Tiny RML was originally part of rdfhelpers, but is now split off as its own project. It has no dependencies to rdfhelpers.
Installation
Tiny RML can be installed from PyPI:
pip install tinyrml
Usage
Tiny RML exposes the class Mapper which is the basic implementation of the mapping functionality. Instances of Mapper represent individual mappings (i.e., specific mapping definitions). The class constructor takes the following parameters:
mapping: a graph (anrdflib.Graph) containing the mapping, or a path to a file which, when parsed, yields the mapping graph. This is a required (positional) parameter, the rest are optional.triples_map_uri=, when provided (as aURIRef), identifies the actual triples map to be used. This is useful when the mapping graph contains several mappings. If the parameter is not provided,Mapperwill pick the first triples map it finds, and because of the way RDF is parsed and subsequently accessed, this may or may not be the lexically first triples map in the source file.ignore_field_keys=is a set of names of keys/fields that are ignored when determining the likely candidate for a key in a template. It defaults to an empty set.empty_string_is_none=, whenTrue(the default), makes the mapper treat empty strings as missing values.allow_expressions=, whenTrue(the default), lets the mapper use Python expressions embedded in the mapping graph.global_bindings=, when provided, is passed to theeval()function (as the parameterglobals=; see Python documentation) when embedded Python expressions are evaluated. If not provided, "global globals" (default global bindings) are used.allow_object_map_classes=, whenTrue(the default), lets mappings specifyrr:classproperties for object maps also (the R2RML specification only allows those for subject maps).input_is_json=, whenTrue(it defaults toFalse), allows the processed input data to consists of JSON objects - say, objects fromjson.load(). The objects are "flattened" so that simplistic JSONPath references (e.g.,a.b.c) can be used in mappings. The flattening is done using the methodMapper.flatten()(see below).
The method Mapper.process(self, rows, result_graph=) invokes a mapper. The parameter rows is an iterable of dicts used as the "rows" to be mapped; dictionary keys take the role of column names. If provided, result_graph= is a graph where results are added; otherwise a new graph is created. Regardless, the result graph is returned.

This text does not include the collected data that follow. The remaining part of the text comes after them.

lemma has_real_derivative_max0_power2:
  "((\<lambda>u. (max 0 u)\<^sup>2) has_real_derivative 2 * max 0 u) (at u)" for u :: real
proof (cases u "0 :: real" rule: linorder_cases)
  case less
  have "\<forall>\<^sub>F w in nhds u. 0 = (max 0 w)\<^sup>2"
    using eventually_nhds_in_open[of "{..<0}" u] less by (auto elim!: eventually_mono)
  then show ?thesis
    using less by (subst DERIV_cong_ev[OF refl _ refl, of _ "\<lambda>_. 0"]) auto
next
  case greater
  have "\<forall>\<^sub>F w in nhds u. (max 0 w)\<^sup>2 = w\<^sup>2"
    using eventually_nhds_in_open[of "{0<..}" u] greater by (auto elim!: eventually_mono)
  then show ?thesis
    using greater by (subst DERIV_cong_ev[OF refl _ refl, of _ "\<lambda>w. w\<^sup>2"]) (auto intro!: derivative_eq_intros)
next
  case equal
  have "((\<lambda>w. ((max 0 w)\<^sup>2 - (max 0 0)\<^sup>2) / (w - 0) - 2 * max 0 0) \<longlongrightarrow> 0) (at (0 :: real))"
  proof (rule Lim_null_comparison[where g = "\<lambda>w. \<bar>w\<bar>"])
    show "\<forall>\<^sub>F w in at 0. norm (((max 0 w)\<^sup>2 - (max 0 0)\<^sup>2) / (w - 0) - 2 * max 0 0) \<le> \<bar>w :: real\<bar>"
      by (intro always_eventually allI) (auto simp: max_def power2_eq_square)
  qed (auto intro!: tendsto_eq_intros)
  then show ?thesis
    unfolding equal has_field_derivative_iff by (simp add: Lim_null[symmetric])
qed

lemma bump_function:
  fixes t r :: real
  assumes "0 < r"
  obtains h where "\<And>a b. C1_on a b h" "\<And>s. 0 \<le> h s" "\<And>s. r \<le> \<bar>s - t\<bar> \<Longrightarrow> h s = 0" "0 < h t"
proof
  define h' where "h' s = 2 * max 0 (r\<^sup>2 - (s - t)\<^sup>2) * (- 2 * (s - t))" for s
  show "C1_on a b (\<lambda>s. (max 0 (r\<^sup>2 - (s - t)\<^sup>2))\<^sup>2)" for a b
    unfolding C1_on_def
  proof (intro exI conjI ballI)
    fix s
    have "((\<lambda>s. r\<^sup>2 - (s - t)\<^sup>2) has_real_derivative - 2 * (s - t)) (at s)"
      by (auto intro!: derivative_eq_intros)
    from DERIV_chain2[OF has_real_derivative_max0_power2 this]
    show "((\<lambda>s. (max 0 (r\<^sup>2 - (s - t)\<^sup>2))\<^sup>2) has_real_derivative h' s) (at s within {a..b})"
      unfolding h'_def by (rule has_field_derivative_at_within)
  qed (auto simp: h'_def intro!: continuous_intros)
  show "r \<le> \<bar>s - t\<bar> \<Longrightarrow> (max 0 (r\<^sup>2 - (s - t)\<^sup>2))\<^sup>2 = 0" for s
    using assms power_mono[of r "\<bar>s - t\<bar>" 2] by (simp add: max_def)
qed (use assms in auto)

lemma fundamental_lemma_calculus_of_variations:
  assumes ab: "a < b" and e: "continuous_on {a..b} e"
    and vanishing: "\<And>h. C1_on a b h \<Longrightarrow> h a = 0 \<Longrightarrow> h b = 0 \<Longrightarrow> integral {a..b} (\<lambda>s. e s * h s) = 0"
    and t: "t \<in> {a..b}"
  shows "e t = 0"
proof -
  have interior: "e t = 0" if t: "t \<in> {a<..<b}" for t
  proof (rule ccontr)
    assume "e t \<noteq> 0"
    define e' where "e' s = sgn (e t) * e s" for s
    have pos: "0 < e' t" using \<open>e t \<noteq> 0\<close> by (simp add: e'_def sgn_if)
    have e': "continuous_on {a..b} e'" unfolding e'_def by (intro continuous_intros e)
    then have "isCont e' t"
      using t by (intro continuous_on_interior[OF e']) auto
    then obtain d where "0 < d" and d: "\<And>s. \<bar>s - t\<bar> < d \<Longrightarrow> 0 < e' s"
      using pos unfolding continuous_at_eps_delta dist_real_def
      by (metis abs_minus_commute abs_diff_less_iff diff_self)
    define r where "r = min d (min (t - a) (b - t))"
    have "0 < r" using \<open>0 < d\<close> t by (simp add: r_def)
    then obtain h where h: "\<And>a b. C1_on a b h" "\<And>s. 0 \<le> h s" "\<And>s. r \<le> \<bar>s - t\<bar> \<Longrightarrow> h s = 0"
      "0 < h t"
      using bump_function[where t = t] by metis
    have "continuous_on {a..b} h" using h(1) by (rule C1_on_imp_continuous_on)
    then have eh: "continuous_on {a..b} (\<lambda>s. e' s * h s)" by (intro continuous_intros e')
    have "integral {a..b} (\<lambda>s. e' s * h s) = sgn (e t) * integral {a..b} (\<lambda>s. e s * h s)"
      by (simp add: e'_def mult.assoc)
    also have "\<dots> = 0" using vanishing[OF h(1)] h(3) t by (simp add: r_def)
    finally have "((\<lambda>s. e' s * h s) has_integral 0) {a..b}"
      using integrable_continuous_real[OF eh] by (metis has_integral_integrable_integral)
    moreover have "0 \<le> e' s * h s" for s
      using d[of s] h(2,3)[of s] by (cases "\<bar>s - t\<bar> < r") (auto simp: r_def)
    ultimately have "e' t * h t = 0"
      using eh t ab by (intro has_integral_0_cbox_imp_0[of a b "\<lambda>s. e' s * h s"]) auto
    with pos h(4) show False by simp
  qed
  have "t \<in> closure {a<..<b}" using t ab by simp
  moreover have "continuous_on (closure {a<..<b}) e" using ab e by simp
  ultimately show ?thesis
    using continuous_constant_on_closure[of "{a<..<b}" e 0] interior by blast
qed

section \<open>The Katugampola kernel\<close>

text \<open>At \<open>\<tau> = t\<close> the kernel takes the junk value \<open>0\<close> (as \<open>0 powr x = 0\<close>) instead of blowing up;
  this is why pointwise comparisons of integrands below are made on open intervals only.\<close>

definition kat_kernel :: "real \<Rightarrow> real \<Rightarrow> real \<Rightarrow> real \<Rightarrow> real" where
  "kat_kernel \<alpha> \<rho> t \<tau> = (t powr \<rho> - \<tau> powr \<rho>) powr (- \<alpha>)"

lemma kat_kernel_nonneg [simp]: "0 \<le> kat_kernel \<alpha> \<rho> t \<tau>"
  by (simp add: kat_kernel_def)

lemma kat_kernel_antimono:
  assumes "0 < \<tau>" "\<tau> < s" "s \<le> t" "0 < \<alpha>" "0 < \<rho>"
  shows "kat_kernel \<alpha> \<rho> t \<tau> \<le> kat_kernel \<alpha> \<rho> s \<tau>"
proof -
  have "0 < s powr \<rho> - \<tau> powr \<rho>" using assms by (simp add: powr_less_mono2)
  moreover have "s powr \<rho> \<le> t powr \<rho>" using assms by (intro powr_mono2) auto
  ultimately show ?thesis
    unfolding kat_kernel_def using assms by (intro powr_mono2') auto
qed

The method Mapper.processCSVFile(self, source, result_graph=, skip_unicode_marker=) takes a CSV file (provided as the parameter source and passed to open) and maps its contents. The parameter result_graph is passed to process. If skip_unicode_marker is True (the default), the initial character in the source file is skipped (otherwise it becomes part of the name of the first column). The result graph is returned.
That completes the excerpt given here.